Feeling doubtful as to the likelihood of being booked for my job, but not entirely sure as to whether I cared (I would like the money, but not the nipple-centred modelling) off I trotted to my next casting. A long queue of girls awaited me.
I stood in the line, concealing my dread. I had been warned that, in the casting, I would ‘have to try on a leotard.’ I worried that it was a thong leotard, or a Miley Cyrus-type particularly vagina-revealing one.
You see, every model must keep their nethers waxed and preened and, well, I can sometimes let such pressing matters fall by the wayside between a relationship (long-term, as you can probably guess) job, writing, socialising, family and, well, wanting to do anything other with my time than pay someone too much money to pour molten wax on my vagina. I promise that I am good and do it about every 4-5 weeks but I was going to get wax later this week! And I’d stayed round my boyfriend’s so I couldn’t really do any last-resort epilation. I should have got it before this casting! ARGH!

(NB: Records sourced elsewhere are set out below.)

(* Let $(X,\le,\to,\rightsquigarrow,d,u)$ be a weakly involutive unital quantum B-algebra and let $(\exists,\forall)$ be a pair of strong synchronized maps on $X$ such that $\exists$ is a weak existential quantifier (equivalently, $\forall$ is a weak universal quantifier). Then for all $x,y\in X$: (1) $\forall(\forall x\to\forall y)=\forall x\to\forall y$ and $\forall(\forall x\rightsquigarrow\forall y)=\forall x\rightsquigarrow\forall y$; (2) $\exists(\exists x\to\exists y)=\exists x\to\exists y$ and $\exists(\exists x\rightsquigarrow\exists y)=\exists x\rightsquigarrow\exists y$; (3) $\forall(\forall x\odot\forall y)=\forall x\odot\forall y$; (4) $\exists(\exists x\odot\exists y)=\exists x\odot\exists y$; (5) $\forall((x\to\forall y)\rightsquigarrow\forall y)=(\forall x\to\forall y)\rightsquigarrow\forall y$ and $\forall((x\rightsquigarrow\forall y)\to\forall y)=(\forall x\rightsquigarrow\forall y)\to\forall y$.
   Context: A quantum B-algebra is a partially ordered set $(X,\le)$ with two binary operations $\to$ and $\rightsquigarrow$ such that for all $x,y,z\in X$: $y\to z\le (x\to y)\to(x\to z)$; $y\rightsquigarrow z\le (x\rightsquigarrow y)\to(x\rightsquigarrow z)$; $y\le z$ implies $x\to y\le x\to z$; and $x\le y\to z$ iff $y\le x\rightsquigarrow z$. It is unital if there is $u\in X$ with $u\to x=u\rightsquigarrow x=x$ for all $x$. A pointed quantum B-algebra has a fixed $d\in X$; write $x^{-}=x\to d$, $x^{\sim}=x\rightsquigarrow d$; it is weakly involutive if $(x^{-})^{\sim}=(x^{\sim})^{-}=x$ for all $x$. In a weakly involutive quantum B-algebra define $x\odot y=(x\to y^{-})^{\sim}$ $(=(y\rightsquigarrow x^{\sim})^{-})$ and $x\oplus y=y^{\sim}\to x$ $(=x^{-}\rightsquigarrow y)$. A map $\tau:X\to X$ is good if $(\tau(x^{-}))^{\sim}=(\tau(x^{\sim}))^{-}$ for all $x$; good maps $\tau,\sigma$ are synchronized if $\sigma(x)=(\tau(x^{-}))^{\sim}=(\tau(x^{\sim}))^{-}$ for all $x$; they are strong synchronized if moreover $\tau\circ\sigma=\sigma$ (which for synchronized maps is equivalent to $\sigma\circ\tau=\tau$). A good map $\exists$ is a weak existential quantifier if for all $x,y$: $\exists d=d$; $\exists u=u$; $x\le\exists x$; $\exists(x\oplus\exists y)=\exists(\exists x\oplus y)=\exists x\oplus\exists y$; $\exists(x\oplus x)=\exists x\oplus\exists x$; $\exists(x\odot\exists y)=\exists(\exists x\odot y)=\exists x\odot\exists y$. A good map $\forall$ is a weak universal quantifier if for all $x,y$: $\forall u=u$; $\forall d=d$; $\forall x\le x$; $\forall(x\odot\forall y)=\forall(\forall x\odot y)=\forall x\odot\forall y$; $\forall(x\odot x)=\forall x\odot\forall x$; $\forall(x\oplus\forall y)=\forall(\forall x\oplus y)=\forall x\oplus\forall y$. *)

theory Defs
  imports Main
begin

definition quantum_B_algebra :: "('a::order \<Rightarrow> 'a \<Rightarrow> 'a) \<Rightarrow> ('a \<Rightarrow> 'a \<Rightarrow> 'a) \<Rightarrow> bool" where
  "quantum_B_algebra imp pimp \<longleftrightarrow>
     (\<forall>x y z. imp y z \<le> imp (imp x y) (imp x z)) \<and>
     (\<forall>x y z. pimp y z \<le> imp (pimp x y) (pimp x z)) \<and>
     (\<forall>x y z. y \<le> z \<longrightarrow> imp x y \<le> imp x z) \<and>
     (\<forall>x y z. x \<le> imp y z \<longleftrightarrow> y \<le> pimp x z)"

definition unital :: "('a \<Rightarrow> 'a \<Rightarrow> 'a) \<Rightarrow> ('a \<Rightarrow> 'a \<Rightarrow> 'a) \<Rightarrow> 'a \<Rightarrow> bool" where
  "unital imp pimp u \<longleftrightarrow> (\<forall>x. imp u x = x \<and> pimp u x = x)"

definition weakly_involutive :: "('a \<Rightarrow> 'a \<Rightarrow> 'a) \<Rightarrow> ('a \<Rightarrow> 'a \<Rightarrow> 'a) \<Rightarrow> 'a \<Rightarrow> bool" where
  "weakly_involutive imp pimp d \<longleftrightarrow>
     (\<forall>x. pimp (imp x d) d = x \<and> imp (pimp x d) d = x)"

definition qodot :: "('a \<Rightarrow> 'a \<Rightarrow> 'a) \<Rightarrow> ('a \<Rightarrow> 'a \<Rightarrow> 'a) \<Rightarrow> 'a \<Rightarrow> 'a \<Rightarrow> 'a \<Rightarrow> 'a" where
  "qodot imp pimp d x y = pimp (imp x (imp y d)) d"

definition qoplus :: "('a \<Rightarrow> 'a \<Rightarrow> 'a) \<Rightarrow> ('a \<Rightarrow> 'a \<Rightarrow> 'a) \<Rightarrow> 'a \<Rightarrow> 'a \<Rightarrow> 'a \<Rightarrow> 'a" where
  "qoplus imp pimp d x y = imp (pimp y d) x"

definition good_map :: "('a \<Rightarrow> 'a \<Rightarrow> 'a) \<Rightarrow> ('a \<Rightarrow> 'a \<Rightarrow> 'a) \<Rightarrow> 'a \<Rightarrow> ('a \<Rightarrow> 'a) \<Rightarrow> bool" where
  "good_map imp pimp d \<tau> \<longleftrightarrow> (\<forall>x. pimp (\<tau> (imp x d)) d = imp (\<tau> (pimp x d)) d)"

definition synchronized :: "('a \<Rightarrow> 'a \<Rightarrow> 'a) \<Rightarrow> ('a \<Rightarrow> 'a \<Rightarrow> 'a) \<Rightarrow> 'a \<Rightarrow> ('a \<Rightarrow> 'a) \<Rightarrow> ('a \<Rightarrow> 'a) \<Rightarrow> bool" where
  "synchronized imp pimp d \<tau> \<sigma> \<longleftrightarrow>
     good_map imp pimp d \<tau> \<and> good_map imp pimp d \<sigma> \<and>
     (\<forall>x. \<sigma> x = pimp (\<tau> (imp x d)) d \<and> \<sigma> x = imp (\<tau> (pimp x d)) d)"

definition strong_synchronized :: "('a \<Rightarrow> 'a \<Rightarrow> 'a) \<Rightarrow> ('a \<Rightarrow> 'a \<Rightarrow> 'a) \<Rightarrow> 'a \<Rightarrow> ('a \<Rightarrow> 'a) \<Rightarrow> ('a \<Rightarrow> 'a) \<Rightarrow> bool" where
  "strong_synchronized imp pimp d \<tau> \<sigma> \<longleftrightarrow>
     synchronized imp pimp d \<tau> \<sigma> \<and> \<tau> \<circ> \<sigma> = \<sigma>"

definition weak_existential_quantifier ::
  "('a::order \<Rightarrow> 'a \<Rightarrow> 'a) \<Rightarrow> ('a \<Rightarrow> 'a \<Rightarrow> 'a) \<Rightarrow> 'a \<Rightarrow> 'a \<Rightarrow> ('a \<Rightarrow> 'a) \<Rightarrow> bool" where
  "weak_existential_quantifier imp pimp d u E \<longleftrightarrow>
     good_map imp pimp d E \<and> E d = d \<and> E u = u \<and> (\<forall>x. x \<le> E x) \<and>
     (\<forall>x y. E (qoplus imp pimp d x (E y)) = qoplus imp pimp d (E x) (E y) \<and>
            E (qoplus imp pimp d (E x) y) = qoplus imp pimp d (E x) (E y)) \<and>
     (\<forall>x. E (qoplus imp pimp d x x) = qoplus imp pimp d (E x) (E x)) \<and>
     (\<forall>x y. E (qodot imp pimp d x (E y)) = qodot imp pimp d (E x) (E y) \<and>
            E (qodot imp pimp d (E x) y) = qodot imp pimp d (E x) (E y))"

definition weak_universal_quantifier ::
  "('a::order \<Rightarrow> 'a \<Rightarrow> 'a) \<Rightarrow> ('a \<Rightarrow> 'a \<Rightarrow> 'a) \<Rightarrow> 'a \<Rightarrow> 'a \<Rightarrow> ('a \<Rightarrow> 'a) \<Rightarrow> bool" where
  "weak_universal_quantifier imp pimp d u A \<longleftrightarrow>
     good_map imp pimp d A \<and> A u = u \<and> A d = d \<and> (\<forall>x. A x \<le> x) \<and>
     (\<forall>x y. A (qodot imp pimp d x (A y)) = qodot imp pimp d (A x) (A y) \<and>
            A (qodot imp pimp d (A x) y) = qodot imp pimp d (A x) (A y)) \<and>
     (\<forall>x. A (qodot imp pimp d x x) = qodot imp pimp d (A x) (A x)) \<and>
     (\<forall>x y. A (qoplus imp pimp d x (A y)) = qoplus imp pimp d (A x) (A y) \<and>
            A (qoplus imp pimp d (A x) y) = qoplus imp pimp d (A x) (A y))"

end

theory Submission
  imports Defs
begin

text \<open>In the second axiom of a quantum B-algebra as given, the outer arrow is \<open>\<rightarrow>\<close> rather
  than \<open>\<leadsto>\<close>. Together with residuation and weak involutivity this forces \<open>\<leadsto> = \<rightarrow>\<close>, so
  the whole argument takes place in a commutative involutive structure. There every statement
  reduces to the defining laws of \<open>\<exists>\<close> through the De Morgan dualities
  \<open>(\<forall>x)\<^sup>- = \<exists>(x\<^sup>-)\<close> and \<open>(\<exists>x)\<^sup>- = \<forall>(x\<^sup>-)\<close>, writing \<open>a \<rightarrow> b = b\<^sup>- \<rightarrow> a\<^sup>-\<close> as an \<open>\<oplus>\<close>
  or the negation of an \<open>\<odot>\<close>.\<close>

lemma weakly_involutive_quantum_B_algebra_pimp_eq_imp:
  fixes imp pimp :: "'a::order \<Rightarrow> 'a \<Rightarrow> 'a"
  assumes Q: "quantum_B_algebra imp pimp" and W: "weakly_involutive imp pimp d"
  shows "pimp = imp"
proof -
  have adj: "\<And>x y z. x \<le> imp y z \<longleftrightarrow> y \<le> pimp x z"
    and a1: "\<And>x y z. imp y z \<le> imp (imp x y) (imp x z)"
    and a2: "\<And>x y z. pimp y z \<le> imp (pimp x y) (pimp x z)"
    using Q unfolding quantum_B_algebra_def by blast+
  have i1: "\<And>x. pimp (imp x d) d = x"
    using W unfolding weakly_involutive_def by auto
  have A1: "\<And>x y z. imp x y \<le> pimp (imp y z) (imp x z)" using a1 adj by blast
  have A2: "\<And>x y z. pimp x y \<le> pimp (pimp y z) (pimp x z)" using a2 adj by blast
  have le: "imp x y \<le> pimp x y" for x y
  proof -
    have "imp x y \<le> pimp (imp y d) (imp x d)" by (rule A1)
    also have "\<dots> \<le> pimp (pimp (imp x d) d) (pimp (imp y d) d)" by (rule A2)
    finally show ?thesis by (simp add: i1)
  qed
  show ?thesis
  proof (intro ext antisym)
    fix x y
    show "imp x y \<le> pimp x y" by (rule le)
    have "x \<le> imp (pimp x y) y" using adj by blast
    then show "pimp x y \<le> imp x y" using le adj order_trans by metis
  qed
qed

locale involutive_commutative_qba =
  fixes imp :: "'a::order \<Rightarrow> 'a \<Rightarrow> 'a" and d :: 'a
  assumes residuation: "x \<le> imp y z \<longleftrightarrow> y \<le> imp x z"
    and suffixing: "imp y z \<le> imp (imp x y) (imp x z)"
    and double_negation: "imp (imp x d) d = x"
begin

lemma prefixing: "imp x y \<le> imp (imp y z) (imp x z)"
  using suffixing residuation by blast

lemma contraposition: "imp (imp y d) (imp x d) = imp x y"
proof (rule antisym)
  show "imp x y \<le> imp (imp y d) (imp x d)" by (rule prefixing)
  have "imp (imp y d) (imp x d) \<le> imp (imp (imp x d) d) (imp (imp y d) d)" by (rule prefixing)
  then show "imp (imp y d) (imp x d) \<le> imp x y" by (simp add: double_negation)
qed

lemma qodot_commutative: "qodot imp imp d x y = imp (imp x (imp y d)) d"
  unfolding qodot_def ..

lemma qoplus_commutative: "qoplus imp imp d x y = imp (imp y d) x"
  unfolding qoplus_def ..

end

locale existential_universal_pair = involutive_commutative_qba imp d
  for imp :: "'a::order \<Rightarrow> 'a \<Rightarrow> 'a" and d :: 'a +
  fixes u :: 'a and E A :: "'a \<Rightarrow> 'a"
  assumes unit: "imp u x = x"
    and universal_dual: "A x = imp (E (imp x d)) d"
    and E_A: "E (A x) = A x"
    and E_unit: "E u = u"
    and E_qoplus: "E (qoplus imp imp d (E x) y) = qoplus imp imp d (E x) (E y)"
    and E_qodot: "E (qodot imp imp d (E x) y) = qodot imp imp d (E x) (E y)"
begin

lemma E_idem: "E (E x) = E x"
  using E_qodot[of x u] by (simp add: qodot_commutative E_unit unit double_negation)

lemma neg_A: "imp (A x) d = E (imp x d)"
  by (simp add: universal_dual double_negation)

lemma neg_E: "imp (E x) d = A (imp x d)"
  by (metis neg_A double_negation)

lemma E_imp_E: "E (imp (E x) (E y)) = imp (E x) (E y)"
proof -
  have "E (imp (E x) (E y)) = E (qoplus imp imp d (E y) (imp (E x) d))"
    by (simp add: qoplus_commutative double_negation)
  also have "\<dots> = imp (imp (E (imp (E x) d)) d) (E y)"
    using E_qoplus[of y "imp (E x) d"] by (simp only: qoplus_commutative)
  also have "\<dots> = imp (E x) (E y)"
    by (metis neg_E E_A double_negation)
  finally show ?thesis .
qed

lemma E_qodot_E: "E (qodot imp imp d (E x) (E y)) = qodot imp imp d (E x) (E y)"
  using E_qodot[of x "E y"] by (simp add: E_idem)

lemma A_qodot_A: "A (qodot imp imp d (A x) (A y)) = qodot imp imp d (A x) (A y)"
proof -
  have "E (imp (A x) (imp (A y) d)) = imp (A x) (imp (A y) d)"
    using E_imp_E[of "A x" "imp y d"] by (simp add: E_A neg_A)
  then show ?thesis by (simp add: qodot_commutative universal_dual double_negation)
qed

lemma A_imp_A: "A (imp (A x) (A y)) = imp (A x) (A y)"
proof -
  have "imp (imp (A x) (A y)) d = qodot imp imp d (E (A x)) (E (imp y d))"
    by (simp add: qodot_commutative E_A neg_A[symmetric] double_negation)
  then have "E (imp (imp (A x) (A y)) d) = imp (imp (A x) (A y)) d"
    using E_qodot_E by simp
  then show ?thesis by (simp add: universal_dual double_negation)
qed

lemma E_imp_A: "E (imp x (A y)) = imp (A x) (A y)"
proof -
  have "E (imp x (A y)) = E (qoplus imp imp d (E (A y)) (imp x d))"
    by (simp add: qoplus_commutative double_negation E_A)
  also have "\<dots> = imp (imp (E (imp x d)) d) (A y)"
    using E_qoplus[of "A y" "imp x d"] by (simp only: qoplus_commutative E_A)
  also have "\<dots> = imp (A x) (A y)"
    by (simp only: universal_dual)
  finally show ?thesis .
qed

lemma A_imp_imp_A: "A (imp (imp x (A y)) (A y)) = imp (imp (A x) (A y)) (A y)"
proof -
  define b where "b = E (imp y d)"
  have Ay: "A y = imp b d" by (simp add: b_def universal_dual)
  have Eb: "E b = b" by (simp add: b_def E_idem)
  \<comment> \<open>by contraposition, \<open>(x \<rightarrow> \<forall>y) \<rightarrow> \<forall>y\<close> is the negation of \<open>b \<odot> (x \<rightarrow> \<forall>y)\<close>\<close>
  have "imp (imp (imp x (A y)) (A y)) d = qodot imp imp d (E b) (imp x (A y))"
    by (subst contraposition[symmetric]) (simp add: qodot_commutative Ay double_negation Eb)
  then have "E (imp (imp (imp x (A y)) (A y)) d) = qodot imp imp d b (imp (A x) (A y))"
    using E_qodot[of b "imp x (A y)"] by (simp add: Eb E_imp_A)
  then have "A (imp (imp x (A y)) (A y)) = imp b (imp (imp (A x) (A y)) d)"
    by (simp add: universal_dual qodot_commutative double_negation)
  also have "\<dots> = imp (imp (A x) (A y)) (A y)"
    by (subst (2) contraposition[symmetric]) (simp add: Ay double_negation)
  finally show ?thesis .
qed

end

theorem proposition5p12:
  fixes imp pimp :: "'a::order \<Rightarrow> 'a \<Rightarrow> 'a" and d u :: 'a and E A :: "'a \<Rightarrow> 'a"
  assumes "quantum_B_algebra imp pimp"
    and "unital imp pimp u"
    and "weakly_involutive imp pimp d"
    and "strong_synchronized imp pimp d E A"
    and "weak_existential_quantifier imp pimp d u E"
  shows "\<forall>x y.
     (A (imp (A x) (A y)) = imp (A x) (A y) \<and> A (pimp (A x) (A y)) = pimp (A x) (A y)) \<and>
     (E (imp (E x) (E y)) = imp (E x) (E y) \<and> E (pimp (E x) (E y)) = pimp (E x) (E y)) \<and>
     A (qodot imp pimp d (A x) (A y)) = qodot imp pimp d (A x) (A y) \<and>
     E (qodot imp pimp d (E x) (E y)) = qodot imp pimp d (E x) (E y) \<and>
     (A (pimp (imp x (A y)) (A y)) = pimp (imp (A x) (A y)) (A y) \<and>
      A (imp (pimp x (A y)) (A y)) = imp (pimp (A x) (A y)) (A y))"
proof -
  have pimp: "pimp = imp"
    using weakly_involutive_quantum_B_algebra_pimp_eq_imp assms(1,3) .
  interpret existential_universal_pair imp d u E A
  proof unfold_locales
    show "x \<le> imp y z \<longleftrightarrow> y \<le> imp x z" "imp y z \<le> imp (imp x y) (imp x z)" for x y z
      using assms(1) unfolding pimp quantum_B_algebra_def by blast+
    show "imp (imp x d) d = x" "imp u x = x" for x
      using assms(2,3) unfolding pimp weakly_involutive_def unital_def by auto
    show "A x = imp (E (imp x d)) d" "E (A x) = A x" for x
      using assms(4) unfolding pimp strong_synchronized_def synchronized_def by (auto dest: fun_cong)
    show "E u = u"
      "E (qoplus imp imp d (E x) y) = qoplus imp imp d (E x) (E y)"
      "E (qodot imp imp d (E x) y) = qodot imp imp d (E x) (E y)" for x y
      using assms(5) unfolding pimp weak_existential_quantifier_def by blast+
  qed
  show ?thesis
    unfolding pimp by (simp add: A_imp_A E_imp_E A_qodot_A E_qodot_E A_imp_imp_A)
qed

end
(* Let $p\ge1$, $T>0$, $\delta_n=2^{-n}$, and let $S\in C^0([0,T],\mathbb R)$ with $S_0=0$ have a continuous local time $L^{\pi,p}$ of order $p$ along the sequence $\pi=(\pi_n)$ of Lebesgue partitions defined below, with $L^{\pi,p}_t(S,0)>0$ for $t\in(0,T]$. Then for every $t\in(0,T]$, as $n\to\infty$: (i) if $1\le p<2$, $\delta_n D^{\delta_n}_t(S)\to0$; (ii) if $p>2$, $\delta_nD^{\delta_n}_t(S)\to\infty$ and $D^{\delta_n}_t(S)\sim L^{\pi,p}_t(S,0)/\delta_n^{p-1}$; (iii) if $p=2$, $\delta_nD^{\delta_n}_t(S)\to L^{\pi,2}_t(S,0)$, i.e. $D^{\delta_n}_t(S)\sim L^{\pi,2}_t(S,0)/\delta_n$.
   Context: Lebesgue partitions: $\pi_n=\{t^n_k\}$ with $t^n_0=0$, $t^n_{k+1}=\inf\{t\ge t^n_k: S_t\in\delta_n\mathbb Z\setminus\{S_{t^n_k}\}\}$. For $a,b\in\mathbb R$ write $[\![a,b))=[a,b)$ if $a\le b$ and $[b,a)$ if $a>b$. Set $L^{\pi_n,p}_t(S,x)=\sum_{t^n_j\in\pi_n}1_{[\![S_{t^n_j\wedge t},S_{t^n_{j+1}\wedge t}))}(x)\,|S_{t^n_{j+1}\wedge t}-x|^{p-1}$. $S$ has a continuous local time of order $p$ along $\pi$ if $L^{\pi_n,p}_t(S,x)$ converges, uniformly in $(t,x)\in[0,T]\times\mathbb R$, to a limit $L^{\pi,p}_t(S,x)$ and $(t,x)\mapsto L^{\pi,p}_t(S,x)$ is continuous. Number of $\delta$-excursions: with $\theta^+_0=\tau^+_0=0$, $\tau^+_i=\inf\{u>\theta^+_{i-1}:S_u=\delta\}$, $\theta^+_i=\inf\{u>\tau^+_i:S_u=0\}$, set $D^\delta_t(S)=\sum_{i\ge1}1_{\{\theta^+_i\le t\}}$. *)

theory Defs
  imports "HOL-Analysis.Analysis" "HOL-Library.Landau_Symbols"
begin

definition dyad :: "nat \<Rightarrow> real" where
  "dyad n = inverse (2 ^ n)"

definition on_grid :: "real \<Rightarrow> real \<Rightarrow> bool" where
  "on_grid \<delta> y \<longleftrightarrow> (\<exists>m::int. y = \<delta> * of_int m)"

text \<open>Convention: the infimum of the empty set is +infinity, encoded by the value T+1
  (any value > T; all later points are then also T+1 and contribute nothing).\<close>
fun leb_pt :: "(real \<Rightarrow> real) \<Rightarrow> real \<Rightarrow> real \<Rightarrow> nat \<Rightarrow> real" where
  "leb_pt S T \<delta> 0 = 0"
| "leb_pt S T \<delta> (Suc k) =
     (let a = leb_pt S T \<delta> k;
          A = {t. a \<le> t \<and> t \<le> T \<and> on_grid \<delta> (S t) \<and> S t \<noteq> S a}
      in if A = {} then T + 1 else Inf A)"

definition oint :: "real \<Rightarrow> real \<Rightarrow> real set" where
  "oint a b = (if a \<le> b then {a..<b} else {b..<a})"

text \<open>Power with the convention y^0 = 1 (also for y = 0), unlike powr.\<close>
definition rpow :: "real \<Rightarrow> real \<Rightarrow> real" where
  "rpow y e = (if e = 0 then 1 else y powr e)"

definition disc_lt :: "(real \<Rightarrow> real) \<Rightarrow> real \<Rightarrow> real \<Rightarrow> real \<Rightarrow> real \<Rightarrow> real \<Rightarrow> real" where
  "disc_lt S T \<delta> p t x =
     (\<Sum>j. indicator (oint (S (min (leb_pt S T \<delta> j) t)) (S (min (leb_pt S T \<delta> (Suc j)) t))) x
          * rpow \<bar>S (min (leb_pt S T \<delta> (Suc j)) t) - x\<bar> (p - 1))"

text \<open>First time strictly after a (within [0,T]) at which P holds; T+1 encodes +infinity.\<close>
definition hit :: "real \<Rightarrow> (real \<Rightarrow> bool) \<Rightarrow> real \<Rightarrow> real" where
  "hit T P a = (let A = {u. a < u \<and> u \<le> T \<and> P u} in if A = {} then T + 1 else Inf A)"

fun exc :: "(real \<Rightarrow> real) \<Rightarrow> real \<Rightarrow> real \<Rightarrow> nat \<Rightarrow> real \<times> real" where
  "exc S T \<delta> 0 = (0, 0)"
| "exc S T \<delta> (Suc i) =
     (let \<tau> = hit T (\<lambda>u. S u = \<delta>) (snd (exc S T \<delta> i))
      in (\<tau>, hit T (\<lambda>u. S u = 0) \<tau>))"

definition num_exc :: "(real \<Rightarrow> real) \<Rightarrow> real \<Rightarrow> real \<Rightarrow> real \<Rightarrow> nat" where
  "num_exc S T \<delta> t = card {i. 1 \<le> i \<and> snd (exc S T \<delta> i) \<le> t}"

end

theory Submission
  imports Defs
begin

text \<open>Between consecutive Lebesgue partition points the path moves by exactly \<open>\<delta>\<close>, so the
  values \<open>S(t\<^sub>k)\<close> form a walk on \<open>\<delta>\<int>\<close> with steps \<open>\<plusminus>\<delta>\<close>. Every completed \<open>\<delta>\<close>-excursion
  contains an upcrossing \<open>0 \<rightarrow> \<delta>\<close> of this walk, and between two upcrossings an excursion is
  completed, so the number \<open>U\<^sub>t\<close> of upcrossings completed by time \<open>t\<close> satisfies
  \<open>D\<^sub>t \<le> U\<^sub>t \<le> D\<^sub>t + 1\<close>. In the discrete local time at level \<open>0\<close> every upcrossing contributes
  \<open>\<delta>\<^sup>p\<^sup>-\<^sup>1\<close>, for \<open>p > 1\<close> no other completed step contributes, and the step straddling \<open>t\<close>
  contributes at most \<open>\<delta>\<^sup>p\<^sup>-\<^sup>1\<close>. Hence \<open>\<delta>\<^sup>p\<^sup>-\<^sup>1 D\<^sub>t \<le> L\<^sup>n\<^sub>t(0) \<le> \<delta>\<^sup>p\<^sup>-\<^sup>1 (D\<^sub>t + 2)\<close>, and the three
  regimes follow from \<open>L\<^sup>n\<^sub>t(0) \<rightarrow> L\<^sub>t(0) > 0\<close> by writing \<open>\<delta> D\<^sub>t = \<delta>\<^sup>2\<^sup>-\<^sup>p \<cdot> \<delta>\<^sup>p\<^sup>-\<^sup>1 D\<^sub>t\<close>.\<close>

lemma on_grid_unique:
  assumes "(\<delta>::real) > 0" "on_grid \<delta> y" "on_grid \<delta> z" "\<bar>y - z\<bar> < \<delta>"
  shows "y = z"
proof -
  obtain m n :: int where m: "y = \<delta> * m" and n: "z = \<delta> * n"
    using assms unfolding on_grid_def by blast
  have "\<delta> * \<bar>of_int m - of_int n\<bar> < \<delta> * 1"
    using assms(1,4) m n by (simp add: abs_mult right_diff_distrib[symmetric])
  hence "\<bar>of_int m - of_int n\<bar> < (1::real)" using assms(1) by (simp only: mult_less_cancel_left_pos)
  hence "m = n" by linarith
  thus ?thesis using m n by simp
qed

May I just add that in the 3 weeks of smoothness, post wax, I never have to wear revealing clothes/thongotards.
So anyway, I stood in the queue, quietly envisioning the client telling me off for having pubes.
Luckily, a fellow model and friend who shall remain nameless but knows who she is went in before me, and came out saying it was a ‘FULL BODY SUIT’ and that she had had exactly the same worry! Now all I needed to worry about was how on earth to rock a full body suit!
Right, so I went in and was met by a row of smiling faces, who immediately made me laugh. They seemed to like my smiling, and told me to try on a body suit.
These weren’t sexy body suits.
These were basically gimp suits.
Fortunately in my casting, there was a hole for the face…
I slid my body into the ill-fitting suit of spandex and emerged from the changing room, where it was pinned tighter to me. Feeling slightly self-conscious, I THINK I did a David Brent-style wiggle dance as I emerged from behind the screen…
…Which thankfully made them laugh. If I’d tried that move in Paris I’d have been booted out of the building.
So what now? Well, I had to be photographer “Smiling – but not a full smile. Smile and let it fall, yet retaining the joy and warmth in your face.
“Wait! When you smile, your eyes disappear.” (Thanks, mate).
“Do your big smile, let it fall, then WOW! open your eyes wide. On the count of three.”
So there I was, for each shot, looking like a Power Ranger, smiling, letting it fall, then WOW! Opening my eyes whilst having a sexy but ‘not posed’ body. At least there were no pubes!
It doesn’t actually end there. I got dressed again, and they took a few close ups of my face doing the SMILE DON’T SMILE OPEN YOUR EYES!
I realised, when I’d left the room, that my shirt was inside out.
This really is a fairly typical day for me.